(* Let $Q$ be a finite connected quandle, $e\in Q$, and let $K_1,K_2$ be oriented knots. If there is a knot $P$ such that $\mathrm{Col}_Q(K_1\# P)\neq \mathrm{Col}_Q(K_2\# P)$, then $\Psi^e_Q(K_1)\neq\Psi^e_Q(K_2)$.
   Context: A quandle is a set $Q$ with operation $*$ satisfying $a*a=a$; unique right division ($\forall b,c\ \exists! a: a*b=c$); and $(a*b)*c=(a*c)*(b*c)$. $R_a(x)=x*a$; $\mathrm{Inn}(Q)$ is the group generated by the $R_a$; $Q$ is connected if $\mathrm{Inn}(Q)$ is transitive on $Q$. A coloring of an oriented knot or tangle diagram by $Q$ assigns elements of $Q$ to arcs so that at each crossing with over-arc color $y$ and incoming under-arc color $x$ (standard sign convention) the other under-arc has color $x*y$. $\mathrm{Col}_Q(K)$ is the number of colorings of a diagram of $K$ by $Q$; $K_1\#P$ is the connected sum. A $1$-tangle is a properly embedded oriented arc in a $3$-ball up to isotopy rel boundary, drawn oriented top to bottom with top arc $b_0$ and bottom arc $b_1$; its closure joins the ends by a trivial arc; every knot $K$ is the closure of a $1$-tangle $T$, unique up to isotopy (end arcs need not have equal colors). For $e\in Q$, $\mathrm{Col}^e_Q(T)$ is the set of colorings $C$ of $T$ with $C(b_0)=e$, and $\Psi^e_Q(K)=\sum_{C\in \mathrm{Col}^e_Q(T)} C(b_1)$, an element of the free $\mathbb{Z}$-module with basis $F_e=\{b\in Q: R_b=R_e\}$. *)

theory Defs
  imports Main
begin

definition quandle :: "'a set \<Rightarrow> ('a \<Rightarrow> 'a \<Rightarrow> 'a) \<Rightarrow> bool" where
  "quandle Q op \<longleftrightarrow>
     (\<forall>a\<in>Q. \<forall>b\<in>Q. op a b \<in> Q) \<and>
     (\<forall>a\<in>Q. op a a = a) \<and>
     (\<forall>b\<in>Q. \<forall>c\<in>Q. \<exists>!a. a \<in> Q \<and> op a b = c) \<and>
     (\<forall>a\<in>Q. \<forall>b\<in>Q. \<forall>c\<in>Q. op (op a b) c = op (op a c) (op b c))"

definition Rmap :: "('a \<Rightarrow> 'a \<Rightarrow> 'a) \<Rightarrow> 'a \<Rightarrow> 'a \<Rightarrow> 'a" where
  "Rmap op a = (\<lambda>x. op x a)"

definition Rinv :: "'a set \<Rightarrow> ('a \<Rightarrow> 'a \<Rightarrow> 'a) \<Rightarrow> 'a \<Rightarrow> 'a \<Rightarrow> 'a" where
  "Rinv Q op a = (\<lambda>x. THE y. y \<in> Q \<and> op y a = x)"

text \<open>Inn(Q): the group generated by the R_a (as maps, relevant only on Q).\<close>
inductive_set Inn :: "'a set \<Rightarrow> ('a \<Rightarrow> 'a \<Rightarrow> 'a) \<Rightarrow> ('a \<Rightarrow> 'a) set"
  for Q op where
  Inn_id: "id \<in> Inn Q op"
| Inn_R: "a \<in> Q \<Longrightarrow> g \<in> Inn Q op \<Longrightarrow> Rmap op a \<circ> g \<in> Inn Q op"
| Inn_Rinv: "a \<in> Q \<Longrightarrow> g \<in> Inn Q op \<Longrightarrow> Rinv Q op a \<circ> g \<in> Inn Q op"

definition connected_quandle :: "'a set \<Rightarrow> ('a \<Rightarrow> 'a \<Rightarrow> 'a) \<Rightarrow> bool" where
  "connected_quandle Q op \<longleftrightarrow> (\<forall>x\<in>Q. \<forall>y\<in>Q. \<exists>g\<in>Inn Q op. g x = y)"

text \<open>A 1-tangle diagram with n crossings, traversed top to bottom, is encoded by
  the list of its n under-passages in order. The arcs are numbered 0..n: arc i is the
  incoming under-arc of the i-th under-passage and arc i+1 the outgoing one; arc 0 is
  the top arc b0 and arc n the bottom arc b1. The entry (j, s) of crossing i records
  the index j of the over-arc and the sign s of the crossing (True = positive).\<close>
type_synonym tangle = "(nat \<times> bool) list"

definition wf_tangle :: "tangle \<Rightarrow> bool" where
  "wf_tangle T \<longleftrightarrow> (\<forall>(j, s)\<in>set T. j \<le> length T)"

text \<open>Coloring condition at a crossing: over colour y, under arcs x (before) and x' (after).
  Positive crossing: x' = x * y;  negative crossing (incoming under-arc is the other one):
  x = x' * y.\<close>
definition crossing_ok :: "('a \<Rightarrow> 'a \<Rightarrow> 'a) \<Rightarrow> bool \<Rightarrow> 'a \<Rightarrow> 'a \<Rightarrow> 'a \<Rightarrow> bool" where
  "crossing_ok op s x x' y \<longleftrightarrow> (if s then x' = op x y else x = op x' y)"

definition colorings :: "'a set \<Rightarrow> ('a \<Rightarrow> 'a \<Rightarrow> 'a) \<Rightarrow> tangle \<Rightarrow> 'a list set" where
  "colorings Q op T = {C. length C = Suc (length T) \<and> set C \<subseteq> Q \<and>
      (\<forall>i<length T. crossing_ok op (snd (T ! i)) (C ! i) (C ! Suc i) (C ! fst (T ! i)))}"

text \<open>Col_Q of the closure of T (closure identifies the top and bottom arcs).\<close>
definition Col_closure :: "'a set \<Rightarrow> ('a \<Rightarrow> 'a \<Rightarrow> 'a) \<Rightarrow> tangle \<Rightarrow> nat" where
  "Col_closure Q op T = card {C \<in> colorings Q op T. C ! 0 = C ! length T}"

text \<open>Composition of 1-tangles (T1 on top of T2); its closure is the connected sum
  of the closures.\<close>
definition tangle_comp :: "tangle \<Rightarrow> tangle \<Rightarrow> tangle" where
  "tangle_comp T1 T2 = T1 @ map (\<lambda>(j, s). (j + length T1, s)) T2"

text \<open>Psi^e_Q(K) as an element of the free Z-module on Q (supported in F_e):
  the coefficient of b is the number of colorings C with C(b0) = e and C(b1) = b.\<close>
definition Psi :: "'a set \<Rightarrow> ('a \<Rightarrow> 'a \<Rightarrow> 'a) \<Rightarrow> 'a \<Rightarrow> tangle \<Rightarrow> 'a \<Rightarrow> int" where
  "Psi Q op e T = (\<lambda>b. int (card {C \<in> colorings Q op T. C ! 0 = e \<and> C ! length T = b}))"

end

theory Submission
  imports Defs
begin

(* Let N_T(a, b) be the number of colorings of the 1-tangle T with top colour a and bottom
   colour b. Cutting the closure of T # P at the two junction arcs gives
   Col(T # P) = sum over a, b of N_T(a, b) * N_P(b, a).
   Inner automorphisms of Q act on colorings, so N_T(g a, g b) = N_T(a, b) for g in Inn(Q);
   since Q is connected, every pair (a, b) is moved by some g to a pair with top colour e.
   Hence N_T is determined by Psi^e(T) = sum over b of N_T(e, b) b, and equal Psi^e force
   equal numbers of colorings of T1 # P and T2 # P. *)

lemma quandle_closed: "quandle Q op \<Longrightarrow> a \<in> Q \<Longrightarrow> b \<in> Q \<Longrightarrow> op a b \<in> Q"
  unfolding quandle_def by blast

lemma quandle_right_div: "quandle Q op \<Longrightarrow> b \<in> Q \<Longrightarrow> c \<in> Q \<Longrightarrow> \<exists>!a. a \<in> Q \<and> op a b = c"
  unfolding quandle_def by blast

lemma quandle_right_distrib:
  "quandle Q op \<Longrightarrow> a \<in> Q \<Longrightarrow> b \<in> Q \<Longrightarrow> c \<in> Q \<Longrightarrow> op (op a b) c = op (op a c) (op b c)"
  unfolding quandle_def by blast

lemma quandle_right_cancel:
  assumes "quandle Q op" "a \<in> Q" "x \<in> Q" "y \<in> Q" "op x a = op y a"
  shows "x = y"
  using quandle_right_div[OF assms(1,2) quandle_closed[OF assms(1,3,2)]] assms(3-5) by auto

definition quandle_aut :: "'a set \<Rightarrow> ('a \<Rightarrow> 'a \<Rightarrow> 'a) \<Rightarrow> ('a \<Rightarrow> 'a) \<Rightarrow> bool" where
  "quandle_aut Q op g \<longleftrightarrow> bij_betw g Q Q \<and> (\<forall>x\<in>Q. \<forall>y\<in>Q. g (op x y) = op (g x) (g y))"

lemma quandle_autD:
  assumes "quandle_aut Q op g"
  shows "bij_betw g Q Q" and "x \<in> Q \<Longrightarrow> g x \<in> Q" and "x \<in> Q \<Longrightarrow> y \<in> Q \<Longrightarrow> g (op x y) = op (g x) (g y)"
  using assms bij_betw_apply by (fastforce simp: quandle_aut_def)+

lemma quandle_aut_id: "quandle_aut Q op id"
  by (simp add: quandle_aut_def)

lemma quandle_aut_comp: "quandle_aut Q op f \<Longrightarrow> quandle_aut Q op g \<Longrightarrow> quandle_aut Q op (f \<circ> g)"
  by (auto simp: quandle_aut_def bij_betw_trans bij_betw_apply)

lemma quandle_aut_cong:
  assumes "quandle Q op" "quandle_aut Q op g" "\<And>x. x \<in> Q \<Longrightarrow> f x = g x"
  shows "quandle_aut Q op f"
  using assms quandle_closed[OF assms(1)] bij_betw_cong[of Q f g Q]
  by (simp add: quandle_aut_def)

lemma quandle_aut_inv_into:
  assumes "quandle Q op" "quandle_aut Q op g"
  shows "quandle_aut Q op (inv_into Q g)"
proof -
  have g: "bij_betw g Q Q" using quandle_autD(1)[OF assms(2)] .
  have "inv_into Q g (op x y) = op (inv_into Q g x) (inv_into Q g y)" if "x \<in> Q" "y \<in> Q" for x y
  proof -
    let ?u = "inv_into Q g x" and ?v = "inv_into Q g y"
    have "?u \<in> Q" "?v \<in> Q" "g ?u = x" "g ?v = y"
      using that g by (auto simp: bij_betw_def inv_into_into f_inv_into_f)
    then have "g (op ?u ?v) = op x y" and "op ?u ?v \<in> Q"
      using quandle_autD(3)[OF assms(2)] quandle_closed[OF assms(1)] by auto
    then show ?thesis
      using g by (metis bij_betw_def inv_into_f_f)
  qed
  then show ?thesis
    using g by (simp add: quandle_aut_def bij_betw_inv_into)
qed

lemma quandle_aut_Rmap:
  assumes "quandle Q op" "a \<in> Q"
  shows "quandle_aut Q op (Rmap op a)"
  unfolding quandle_aut_def Rmap_def
proof
  show "bij_betw (\<lambda>x. op x a) Q Q"
  proof (rule bij_betwI')
    show "(op x a = op y a) = (x = y)" if "x \<in> Q" "y \<in> Q" for x y
      using quandle_right_cancel[OF assms that] by blast
    show "op x a \<in> Q" if "x \<in> Q" for x
      using quandle_closed[OF assms(1) that assms(2)] .
    show "\<exists>x\<in>Q. y = op x a" if "y \<in> Q" for y
      using quandle_right_div[OF assms(1,2) that] by auto
  qed
  show "\<forall>x\<in>Q. \<forall>y\<in>Q. op (op x y) a = op (op x a) (op y a)"
    using quandle_right_distrib[OF assms(1) _ _ assms(2)] by blast
qed

lemma Rinv_eq_inv_into_Rmap:
  assumes "quandle Q op" "a \<in> Q" "x \<in> Q"
  shows "Rinv Q op a x = inv_into Q (Rmap op a) x"
proof -
  have R: "bij_betw (Rmap op a) Q Q" using quandle_autD(1)[OF quandle_aut_Rmap[OF assms(1,2)]] .
  let ?y = "inv_into Q (Rmap op a) x"
  have "?y \<in> Q" "op ?y a = x"
    using R assms(3) bij_betw_inv_into_right[OF R] bij_betw_apply[OF bij_betw_inv_into[OF R]]
    by (auto simp: Rmap_def)
  then show ?thesis
    unfolding Rinv_def using quandle_right_div[OF assms] by (auto intro: the1_equality)
qed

======

__PROBLEM REQUIREMENTS__
Lines holding "length": copy each one from the records above.

__ANSWER__
  "wf_tangle T \<longleftrightarrow> (\<forall>(j, s)\<in>set T. j \<le> length T)"
  "colorings Q op T = {C. length C = Suc (length T) \<and> set C \<subseteq> Q \<and>
      (\<forall>i<length T. crossing_ok op (snd (T ! i)) (C ! i) (C ! Suc i) (C ! fst (T ! i)))}"
  "Col_closure Q op T = card {C \<in> colorings Q op T. C ! 0 = C ! length T}"
  "tangle_comp T1 T2 = T1 @ map (\<lambda>(j, s). (j + length T1, s)) T2"
  "Psi Q op e T = (\<lambda>b. int (card {C \<in> colorings Q op T. C ! 0 = e \<and> C ! length T = b}))"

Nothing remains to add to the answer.